Dale, you're alright, kid.

Just...try a pot brownie one day, it's a humbling experience.

September 28, 2011 11:24 AM #

Seb Canada says:

And here, we get a glimpse into the mating rituals of the elusive Trish-troll.  It is a rare and spectacular occasion that we get a front-row seat into this truly wonderful phenomena, but we must remember not to feed the trolls.  

September 28, 2011 11:36 AM #

Larry Burns United States says:

I seriously doubt General Mills is in any way surprised by reactions to the campaign and the ads.   Great work should spur discussion, interest and yes, even controversy.  Frankly, part of what is most troubling within our current culture (IMHO) is that we stifle expression based on often ill defined fear.   Fear of 'backlash', fear of some fringe group calling for a boycott , fear of what "some people" might think, fear of lobbying groups making you their cause celeb (with the attendant 'created' media frenzy), and the list (unfortunately) goes on and on.  

Honestly the only arbiter of what Fiber One wants to do with their brand and its relationship to the people who buy it are themselves.   If the campaign offends in any way - don't watch it - this is a DIGITAL campaign for good reason, to avoid any of the nonsense of "exposing" this or that group to 'objectionable' content.   All devices have an on/off switch - we'd all be a lot better off if we simply utilized it rather than raise voices in protest about something that is obviously meant to entertain as well as spur product trial and use.   Could the US population suffer in some way by an increased discussion about the need for greater fiber in our diets?   Hmmmm ...

To me - I laughed out loud .. and I like and have bought the brownies.   I applaud General Mills for having the moxie to move this campaign forward in spite of the inevitable furor it may create.  

Let each person decide if he or she likes or dislikes the campaign, the product ,etc.   It certainly will raise awareness ... and isn't that kind of the point of advertising?

September 28, 2011 12:05 PM #

Christopher Barger United States says:

Dale, I couldn't disagree with you more. I thought this was a) funny, b) really well-executed, c) well-aimed at its target demographic, and d) not offensive or bothersome in the least. And I don't even like Cheech and Chong or drug humor. But I salute not only General Mills' creativity in developing the pitch, but their being willing to brave the inevitable barbs from the uptight, humorless or overly traditional.

I've never bought the brownies... now I might have to. Not because the ad campaign suddenly spurred me to, but because I want to show support, in the face of criticism, to a brand that showed some guts and went outside of the expected.

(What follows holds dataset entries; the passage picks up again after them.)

(* Let $z\ge0$ be an integer. If an undirected multigraph $G$ has a $z$-antler $(C_1,F_1)$ and $G-(C_1\cup F_1)$ has a $z$-antler $(C_2,F_2)$, then $(C_1\cup C_2,\,F_1\cup F_2)$ is a $z$-antler in $G$.
   Context: A feedback vertex set (FVS) of $G$ is a set $X\subseteq V(G)$ with $G-X$ acyclic (self-loops and pairs of parallel edges count as cycles); $\mathrm{fvs}(G)$ is its minimum size. For disjoint $X,Y$, $e(X,Y)$ is the number of edges between $X$ and $Y$. A feedback vertex cut (FVC) in $G$ is a pair of disjoint sets $C,F\subseteq V(G)$ such that $G[F]$ is a forest and every tree $T$ of $G[F]$ satisfies $e(V(T),V(G)\setminus(C\cup F))\le1$. An antler is a FVC $(C,F)$ with $|C|\le\mathrm{fvs}(G[C\cup F])$. For $C\subseteq V(G)$, a $C$-certificate is a subgraph $H$ of $G$ such that $C$ is a minimum FVS of $H$; it has order $z$ if every component $H'$ of $H$ satisfies $\mathrm{fvs}(H')=|C\cap V(H')|\le z$. A $z$-antler is an antler $(C,F)$ such that $G[C\cup F]$ contains a $C$-certificate of order $z$. *)

theory Defs
  imports Main "HOL-Library.Multiset"
begin

text \<open>Undirected multigraphs: a vertex set and a multiset of edges; an edge is a
  set of one (self-loop) or two (ordinary edge) vertices.\<close>

type_synonym 'a mgraph = "'a set \<times> 'a set multiset"

definition verts :: "'a mgraph \<Rightarrow> 'a set" where "verts G = fst G"
definition edges :: "'a mgraph \<Rightarrow> 'a set multiset" where "edges G = snd G"

definition wf_mgraph :: "'a mgraph \<Rightarrow> bool" where
  "wf_mgraph G \<longleftrightarrow> finite (verts G) \<and>
     (\<forall>e \<in># edges G. e \<subseteq> verts G \<and> 1 \<le> card e \<and> card e \<le> 2)"

definition subgraph :: "'a mgraph \<Rightarrow> 'a mgraph \<Rightarrow> bool" where
  "subgraph H G \<longleftrightarrow> wf_mgraph H \<and> verts H \<subseteq> verts G \<and> edges H \<subseteq># edges G"

definition induce :: "'a mgraph \<Rightarrow> 'a set \<Rightarrow> 'a mgraph" where
  "induce G X = (verts G \<inter> X, filter_mset (\<lambda>e. e \<subseteq> X) (edges G))"

definition del_verts :: "'a mgraph \<Rightarrow> 'a set \<Rightarrow> 'a mgraph" where
  "del_verts G X = induce G (verts G - X)"

definition acyclic_mg :: "'a mgraph \<Rightarrow> bool" where
  "acyclic_mg G \<longleftrightarrow>
     (\<forall>v. count (edges G) {v} = 0) \<and>
     (\<forall>u v. u \<noteq> v \<longrightarrow> count (edges G) {u, v} \<le> 1) \<and>
     \<not> (\<exists>vs. length vs \<ge> 3 \<and> distinct vs \<and> set vs \<subseteq> verts G \<and>
           (\<forall>i < length vs - 1. {vs ! i, vs ! (i+1)} \<in># edges G) \<and>
           {last vs, hd vs} \<in># edges G)"

definition is_fvs :: "'a mgraph \<Rightarrow> 'a set \<Rightarrow> bool" where
  "is_fvs G X \<longleftrightarrow> X \<subseteq> verts G \<and> acyclic_mg (del_verts G X)"

definition fvs :: "'a mgraph \<Rightarrow> nat" where
  "fvs G = Min {card X | X. is_fvs G X}"

definition adj :: "'a mgraph \<Rightarrow> 'a \<Rightarrow> 'a \<Rightarrow> bool" where
  "adj G u v \<longleftrightarrow> u \<noteq> v \<and> {u, v} \<in># edges G"

definition component_verts :: "'a mgraph \<Rightarrow> 'a set set" where
  "component_verts G = (\<lambda>v. {u. (adj G)\<^sup>*\<^sup>* v u}) ` verts G"

definition components :: "'a mgraph \<Rightarrow> 'a mgraph set" where
  "components G = (\<lambda>S. induce G S) ` component_verts G"

definition e_between :: "'a mgraph \<Rightarrow> 'a set \<Rightarrow> 'a set \<Rightarrow> nat" where
  "e_between G X Y = size (filter_mset (\<lambda>e. e \<inter> X \<noteq> {} \<and> e \<inter> Y \<noteq> {}) (edges G))"

definition is_fvc :: "'a mgraph \<Rightarrow> 'a set \<Rightarrow> 'a set \<Rightarrow> bool" where
  "is_fvc G C F \<longleftrightarrow> C \<subseteq> verts G \<and> F \<subseteq> verts G \<and> C \<inter> F = {} \<and>
     acyclic_mg (induce G F) \<and>
     (\<forall>T \<in> components (induce G F).
        e_between G (verts T) (verts G - (C \<union> F)) \<le> 1)"

definition is_antler :: "'a mgraph \<Rightarrow> 'a set \<Rightarrow> 'a set \<Rightarrow> bool" where
  "is_antler G C F \<longleftrightarrow> is_fvc G C F \<and> card C \<le> fvs (induce G (C \<union> F))"

definition is_certificate :: "'a mgraph \<Rightarrow> 'a set \<Rightarrow> 'a mgraph \<Rightarrow> bool" where
  "is_certificate G C H \<longleftrightarrow> subgraph H G \<and> is_fvs H C \<and> card C = fvs H"

definition certificate_order :: "'a mgraph \<Rightarrow> 'a set \<Rightarrow> nat \<Rightarrow> bool" where
  "certificate_order H C z \<longleftrightarrow>
     (\<forall>H' \<in> components H. fvs H' = card (C \<inter> verts H') \<and> card (C \<inter> verts H') \<le> z)"

definition is_z_antler :: "'a mgraph \<Rightarrow> nat \<Rightarrow> 'a set \<Rightarrow> 'a set \<Rightarrow> bool" where
  "is_z_antler G z C F \<longleftrightarrow> is_antler G C F \<and>
     (\<exists>H. is_certificate (induce G (C \<union> F)) C H \<and> certificate_order H C z)"

end

theory Submission
  imports Defs
begin

(* Every tree of G[F1] has at most one edge to V - (C1 \<union> F1), and this set contains F2 as
   well as everything outside C1 \<union> C2 \<union> F1 \<union> F2.  Hence a cycle of G[F1 \<union> F2] cannot enter
   and leave a tree of G[F1], and a tree of G[F1 \<union> F2] meeting F2 is a tree T2 of G[F2] with
   trees of G[F1] hanging from it, each spending its single outgoing edge on the attachment;
   so its edges to the rest of G all leave from T2.  The certificates of the two antlers live
   on the disjoint sets C1 \<union> F1 and C2 \<union> F2, and their disjoint union certifies C1 \<union> C2
   because minimum feedback vertex sets and components split over disjoint unions. *)

definition mg_union :: "'a mgraph \<Rightarrow> 'a mgraph \<Rightarrow> 'a mgraph" where
  "mg_union A B = (verts A \<union> verts B, edges A + edges B)"

definition component_of :: "'a mgraph \<Rightarrow> 'a \<Rightarrow> 'a set" where
  "component_of H v = verts H \<inter> {u. (adj H)\<^sup>*\<^sup>* v u}"

lemma verts_pair [simp]: "verts (V, E) = V"
  by (simp add: verts_def)

lemma edges_pair [simp]: "edges (V, E) = E"
  by (simp add: edges_def)

lemma verts_induce [simp]: "verts (induce G X) = verts G \<inter> X"
  by (simp add: induce_def)

lemma edges_induce [simp]: "edges (induce G X) = filter_mset (\<lambda>e. e \<subseteq> X) (edges G)"
  by (simp add: induce_def)

lemma verts_del_verts [simp]: "verts (del_verts G X) = verts G - X"
  by (auto simp: del_verts_def)

lemma edges_del_verts [simp]:
  "edges (del_verts G X) = filter_mset (\<lambda>e. e \<subseteq> verts G - X) (edges G)"
  by (simp add: del_verts_def)

lemma verts_mg_union [simp]: "verts (mg_union A B) = verts A \<union> verts B"
  by (simp add: mg_union_def)

lemma edges_mg_union [simp]: "edges (mg_union A B) = edges A + edges B"
  by (simp add: mg_union_def)

lemma mgraph_eqI: "verts A = verts B \<Longrightarrow> edges A = edges B \<Longrightarrow> A = B"
  by (cases A, cases B) (simp add: verts_def edges_def)

lemma mg_union_commute: "mg_union A B = mg_union B A"
  by (simp add: mg_union_def Un_commute add.commute)

lemma adj_induce [simp]: "adj (induce G X) u v \<longleftrightarrow> adj G u v \<and> u \<in> X \<and> v \<in> X"
  by (auto simp: adj_def)

lemma adj_mg_union [simp]: "adj (mg_union A B) u v \<longleftrightarrow> adj A u v \<or> adj B u v"
  by (auto simp: adj_def)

September 28, 2011 12:42 PM #

D. Buss United States says:

Chris: Hey, great to hear from you again!   Smile  So which do you think I am -- "uptight, humorless, or overly traditional"? -- or all three?

September 28, 2011 02:21 PM #

Dan T. United States says:

Frankly I am surprised that GM took the risk on this campaign.  But I am glad they did.

September 29, 2011 10:52 PM #

Lou United States says:

Credit to General Mills. Funny and relevant to target. No one is saying to smoke pot. Would u have banned those funny Chhech and Chong movies?